For four decades, William W. Warner's Pulitzer Prize-winning best-seller, Beautiful Swimmers, has delighted readers everywhere. Now, in a riveting new film, award-winning writer Tom Horton picks up where Warner left off with the story of Callinectes sapidus, the Atlantic blue crab.
The documentary film Beautiful Swimmers is an initiative of the Bay Journal, a publication of Chesapeake Media Service, a 501(c)(3) nonprofit.
The Bay Journal has been delivering exceptional coverage of environmental issues in the Chesapeake Bay region since 1991. Tom Horton and David Harp are regular contributors.
How have the culture, science and management of the Chesapeake Bay's iconic blue crab changed since William W. Warner's book, Beautiful Swimmers, appeared 40 years ago?
Tom Horton's film update of this pioneering chronicle of Chesapeake crabbing, with the endorsement of Warner's family, investigates the whys and wherefores of the changes in the Bay, the crab fishery and the industry in general, as it weaves a colorful tale that entertains, educates and enlightens.

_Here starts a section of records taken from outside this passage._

lemma loss_fun_upd: "s < t \<Longrightarrow> loss s (\<xi>(t := y)) = loss s \<xi>"
  by (simp add: loss_eq cumulative_estimate_fun_upd)

lemma loss_fun_upd_same: "loss t (\<xi>(t := y)) = req_count req B t \<bullet> M (cumulative_estimate t \<xi> + snd y)"
  by (simp add: loss_eq cumulative_estimate_fun_upd)

lemma measurable_cumulative_estimate:
  assumes "{1..<t} \<subseteq> I"
  shows "cumulative_estimate t \<in> borel_measurable (PiM I (\<lambda>_. slot))"
  unfolding cumulative_estimate_def
proof (rule borel_measurable_sum)
  fix s assume "s \<in> {1..<t}"
  with assms show "(\<lambda>\<xi>. rhat req B l s (fst (\<xi> s))) \<in> borel_measurable (PiM I (\<lambda>_. slot))"
    by (intro measurable_compose[where f="\<lambda>\<xi>. \<xi> s", OF measurable_component_singleton measurable_slot_fst])
      auto
qed

lemma measurable_loss:
  assumes "t \<in> I" and "{1..<t} \<subseteq> I"
  shows "loss t \<in> borel_measurable (PiM I (\<lambda>_. slot))"
proof -
  have "(\<lambda>\<xi>. snd (\<xi> t)) \<in> borel_measurable (PiM I (\<lambda>_. slot))"
    using assms(1)
    by (intro measurable_compose[where f="\<lambda>\<xi>. \<xi> t", OF measurable_component_singleton measurable_slot_snd])
      auto
  with measurable_cumulative_estimate[OF assms(2)] show ?thesis
    unfolding loss_eq[abs_def] by measurable
qed

definition loss_plus_potential :: "real^'n \<Rightarrow> nat \<Rightarrow> (nat \<Rightarrow> nat set \<times> (real^'n)) \<Rightarrow> ennreal" where
  "loss_plus_potential x t \<xi> = ennreal ((\<Sum>s\<in>{1..<t}. loss s \<xi>) + potential x (cumulative_estimate t \<xi>))"

lemma measurable_loss_plus_potential:
  "loss_plus_potential x (Suc k) \<in> borel_measurable (PiM {1..k} (\<lambda>_. slot))"
  unfolding loss_plus_potential_def[abs_def]
  by (intro measurable_compose[OF _ measurable_ennreal] borel_measurable_add borel_measurable_sum
      measurable_loss measurable_compose[OF measurable_cumulative_estimate borel_measurable_potential])
    auto

lemma loss_plus_potential_Suc_fun_upd:
  assumes x: "x \<in> capped_simplex C" and "0 < t"
  shows "loss_plus_potential x (Suc t) (\<xi>(t := y))
           = ennreal (\<Sum>s\<in>{1..<t}. loss s \<xi>)
             + ennreal (req_count req B t \<bullet> M (cumulative_estimate t \<xi> + snd y)
                 + potential x (cumulative_estimate t \<xi> + rhat req B l t (fst y)))"
proof -
  have "{1..<Suc t} = insert t {1..<t}"
    using \<open>0 < t\<close> by auto
  then have "(\<Sum>s\<in>{1..<Suc t}. loss s (\<xi>(t := y)))
      = (\<Sum>s\<in>{1..<t}. loss s \<xi>) + req_count req B t \<bullet> M (cumulative_estimate t \<xi> + snd y)"
    by (simp add: loss_fun_upd loss_fun_upd_same)
  moreover have "0 \<le> (\<Sum>s\<in>{1..<t}. loss s \<xi>)"
    by (simp add: sum_nonneg loss_nonneg)
  ultimately show ?thesis
    using potential_nonneg[OF x] inner_req_count_nonneg[OF min_oracle_in_capped_simplex]
    by (simp add: loss_plus_potential_def cumulative_estimate_Suc_fun_upd[OF \<open>0 < t\<close>]
        add.assoc flip: ennreal_plus)
qed

lemma nn_integral_loss_plus_potential_step:
  assumes x: "x \<in> capped_simplex C" and "0 < t"
  shows "(\<integral>\<^sup>+y. loss_plus_potential x (Suc t) (\<xi>(t := y)) \<partial>slot)
           \<le> loss_plus_potential x t \<xi> + ennreal (req_count req B t \<bullet> x + real B ^ 2 / \<eta>)"
proof -
  let ?r = "req_count req B t" and ?a = "\<Sum>s\<in>{1..<t}. loss s \<xi>" and ?R = "cumulative_estimate t \<xi>"
  have "(\<integral>\<^sup>+y. loss_plus_potential x (Suc t) (\<xi>(t := y)) \<partial>slot)
      = ennreal ?a + (\<integral>\<^sup>+y. ennreal (?r \<bullet> M (?R + snd y) + potential x (?R + rhat req B l t (fst y))) \<partial>slot)"
    unfolding loss_plus_potential_Suc_fun_upd[OF assms]
  proof (subst nn_integral_add)
    show "(\<lambda>y. ennreal (?r \<bullet> M (?R + snd y) + potential x (?R + rhat req B l t (fst y)))) \<in> borel_measurable slot"
      by (intro measurable_compose[OF _ measurable_ennreal] borel_measurable_add measurable_slot_fst
          measurable_slot_snd[where f="\<lambda>\<gamma>. ?r \<bullet> M (?R + \<gamma>)"]) measurable
  qed (auto simp: slot.emeasure_space_1)
  also have "\<dots> \<le> ennreal ?a + ennreal (potential x ?R + ?r \<bullet> x + real B ^ 2 / \<eta>)"
    using nn_integral_slot_step[OF x] by (rule add_left_mono)
  also have "\<dots> = loss_plus_potential x t \<xi> + ennreal (?r \<bullet> x + real B ^ 2 / \<eta>)"
    using potential_nonneg[OF x] inner_req_count_nonneg[OF x] eta_pos
    by (simp add: loss_plus_potential_def ennreal_plus add.assoc sum_nonneg loss_nonneg)
  finally show ?thesis .
qed

lemma expected_total_loss_le:
  assumes x: "x \<in> capped_simplex C"
  shows "(\<integral>\<xi>. (\<Sum>t\<in>{1..T}. loss t \<xi>) \<partial>nfpl_space B l \<eta> T)
           \<le> (\<Sum>t\<in>{1..T}. req_count req B t \<bullet> x) + real C * \<eta> + real T * (real B ^ 2 / \<eta>)"
proof -
  let ?P = "PiM {1..T} (\<lambda>_. slot)"
  let ?bound = "(\<Sum>t\<in>{1..T}. req_count req B t \<bullet> x + real B ^ 2 / \<eta>)"
  have bound_nonneg: "0 \<le> ?bound"
    using inner_req_count_nonneg[OF x] eta_pos by (intro sum_nonneg) simp
  have "(\<integral>\<^sup>+\<xi>. ennreal (\<Sum>t\<in>{1..T}. loss t \<xi>) \<partial>?P) \<le> (\<integral>\<^sup>+\<xi>. loss_plus_potential x (Suc T) \<xi> \<partial>?P)"
    unfolding loss_plus_potential_def using potential_nonneg[OF x]
    by (intro nn_integral_mono ennreal_leI) (simp add: atLeastLessThanSuc_atLeastAtMost)
  also have "\<dots> \<le> loss_plus_potential x 1 (\<lambda>_. undefined)
      + (\<Sum>t\<in>{1..T}. ennreal (req_count req B t \<bullet> x + real B ^ 2 / \<eta>))"
    using slot.prob_space_axioms measurable_loss_plus_potential
    by (rule nn_integral_PiM_potential_le) (rule nn_integral_loss_plus_potential_step[OF x zero_less_Suc])
  also have "\<dots> = ennreal (potential x 0) + ennreal ?bound"
    using inner_req_count_nonneg[OF x] eta_pos
    by (subst sum_ennreal) (auto simp: loss_plus_potential_def cumulative_estimate_def)
  also have "\<dots> = ennreal (potential x 0 + ?bound)"
    using potential_nonneg[OF x] bound_nonneg by (rule ennreal_plus[symmetric])
  finally have "(\<integral>\<^sup>+\<xi>. ennreal (\<Sum>t\<in>{1..T}. loss t \<xi>) \<partial>?P) \<le> ennreal (potential x 0 + ?bound)" .
  moreover have "(\<lambda>\<xi>. \<Sum>t\<in>{1..T}. loss t \<xi>) \<in> borel_measurable ?P"
    by (intro borel_measurable_sum measurable_loss) auto
  ultimately have "(\<integral>\<xi>. (\<Sum>t\<in>{1..T}. loss t \<xi>) \<partial>?P) \<le> potential x 0 + ?bound"
    using potential_nonneg[OF x] bound_nonneg
    by (subst integral_eq_nn_integral) (auto intro: sum_nonneg loss_nonneg enn2real_leI)
  moreover have "potential x 0 \<le> real C * \<eta>"
    using smoothed_min_zero_nonneg by (simp add: potential_def)
  ultimately show ?thesis
    by (simp add: nfpl_space_def sum.distrib)
qed

lemma nfpl_regret_le:
  assumes "C \<le> CARD('n)"
  shows "nfpl_regret C M req B l \<eta> T \<le> real C * \<eta> + real T * (real B ^ 2 / \<eta>)"
proof -
  have "(\<integral>\<xi>. (\<Sum>t\<in>{1..T}. loss t \<xi>) \<partial>nfpl_space B l \<eta> T) - (real C * \<eta> + real T * (real B ^ 2 / \<eta>))
      \<le> (INF x\<in>capped_simplex C. \<Sum>t\<in>{1..T}. req_count req B t \<bullet> x)"
    using capped_simplex_nonempty[OF assms] expected_total_loss_le
    by (intro cINF_greatest) (auto simp: algebra_simps)
  then show ?thesis
    by (simp add: nfpl_regret_def loss_def)
qed

end

lemma tuned_regret_bound:
  fixes B C T :: nat
  assumes "0 < C" and "0 < T"
  defines "\<eta> \<equiv> real B * sqrt (real T / (2 * real C))"
  shows "real C * \<eta> + real T * (real B ^ 2 / \<eta>) \<le> 2 * sqrt 2 * real B * sqrt (real C * real T)"
proof (cases "B = 0")
  case False
  define s where "s = sqrt (real T / (2 * real C))"
  have "0 < s" and s2: "s\<^sup>2 = real T / (2 * real C)"
    using assms by (simp_all add: s_def)
  define L where "L = real C * s + real T / s"
  have "L\<^sup>2 = (real C)\<^sup>2 * s\<^sup>2 + 2 * real C * real T + (real T)\<^sup>2 / s\<^sup>2"
    using \<open>0 < s\<close> by (simp add: L_def power2_eq_square field_simps)
  also have "\<dots> = 9 / 2 * (real C * real T)"
    unfolding s2 using assms by (simp add: power2_eq_square field_simps)
  also have "\<dots> \<le> (2 * sqrt 2 * sqrt (real C * real T))\<^sup>2"
    by (simp add: power_mult_distrib)
  finally have "L \<le> 2 * sqrt 2 * sqrt (real C * real T)"
    by (rule power2_le_imp_le) simp
  have "real C * \<eta> + real T * (real B ^ 2 / \<eta>) = real B * L"
    using False \<open>0 < s\<close> by (simp add: \<eta>_def L_def flip: s_def) (simp add: power2_eq_square field_simps)
  also have "\<dots> \<le> real B * (2 * sqrt 2 * sqrt (real C * real T))"
    using \<open>L \<le> 2 * sqrt 2 * sqrt (real C * real T)\<close> by (rule mult_left_mono) simp
  finally show ?thesis
    by (simp add: ac_simps)
qed (simp add: \<eta>_def)

theorem corollary2:
  fixes req :: "nat \<Rightarrow> nat \<Rightarrow> 'n::finite"
    and M :: "real^'n \<Rightarrow> real^'n"
    and C B l T :: nat
  assumes "1 \<le> C" and "2 * C < CARD('n)"
    and "0 < l" and "l < B"
    and "is_min_oracle C M"
    and "M \<in> borel_measurable borel"
  shows "nfpl_regret C M req B l (real B * sqrt (real T / (2 * real C))) T
           \<le> 2 * sqrt 2 * real B * sqrt (real C * real T)"
proof (cases "T = 0")
  case True
  \<comment> \<open>then \<open>\<eta> = 0\<close> and the perturbation degenerates, but the regret is trivially \<open>0\<close>\<close>
  then show ?thesis
    using capped_simplex_nonempty[of C, where 'n='n] assms(2) by (simp add: nfpl_regret_def)
next
  case False
  define \<eta> where "\<eta> = real B * sqrt (real T / (2 * real C))"
  have "0 < \<eta>"
    using assms False by (simp add: \<eta>_def)
  with assms interpret nfpl C M \<eta> req B l
    by unfold_locales auto
  \<comment> \<open>of \<open>2 * C < CARD('n)\<close> only \<open>C \<le> CARD('n)\<close>, i.e. a nonempty capped simplex, is used\<close>
  have "nfpl_regret C M req B l \<eta> T \<le> real C * \<eta> + real T * (real B ^ 2 / \<eta>)"
    using assms(2) by (intro nfpl_regret_le) simp
  also have "\<dots> \<le> 2 * sqrt 2 * real B * sqrt (real C * real T)"
    unfolding \<eta>_def using assms False by (intro tuned_regret_bound) auto
  finally show ?thesis
    unfolding \<eta>_def .
qed

end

Horton returns to many places Warner visited, including Smith, Tangier and Deal Islands, Crisfield and the Eastern Bay. He discovers that two watermen featured in Warner's book still catch crabs the way they caught them when Warner visited them in the mid 1970's.
While much of the culture of the watermen has not changed in four decades, there have been many developments in the science and management of crabs and the crab industry. Interviews with Chesapeake scientists and managers illuminate major advances in our understanding of crabs and the challenges facing the Bay.
The blue crab is more deeply embedded in the ecology and culture of the entire Chesapeake system than almost any other creature. It inhabits every niche from the deep channels of the Bay to the marshes, the ocean, and the limits of tide in fresh water miles up the rivers. Any long-term changes in crab populations would have major consequences for the whole ecosystem.
"Warner’s book has never been out of circulation. Nothing published since, including James Michener’s blockbuster, Chesapeake, has surpassed it. Today’s Chesapeake is not the same bay in which William Warner conducted his inquiries of crabs and crabbing during the 1960s and ’70s. Yet much remains. In remoter parts of the estuary, it is still possible to revisit Warner’s storied haunts, even to go crabbing with characters he introduced in Beautiful Swimmers."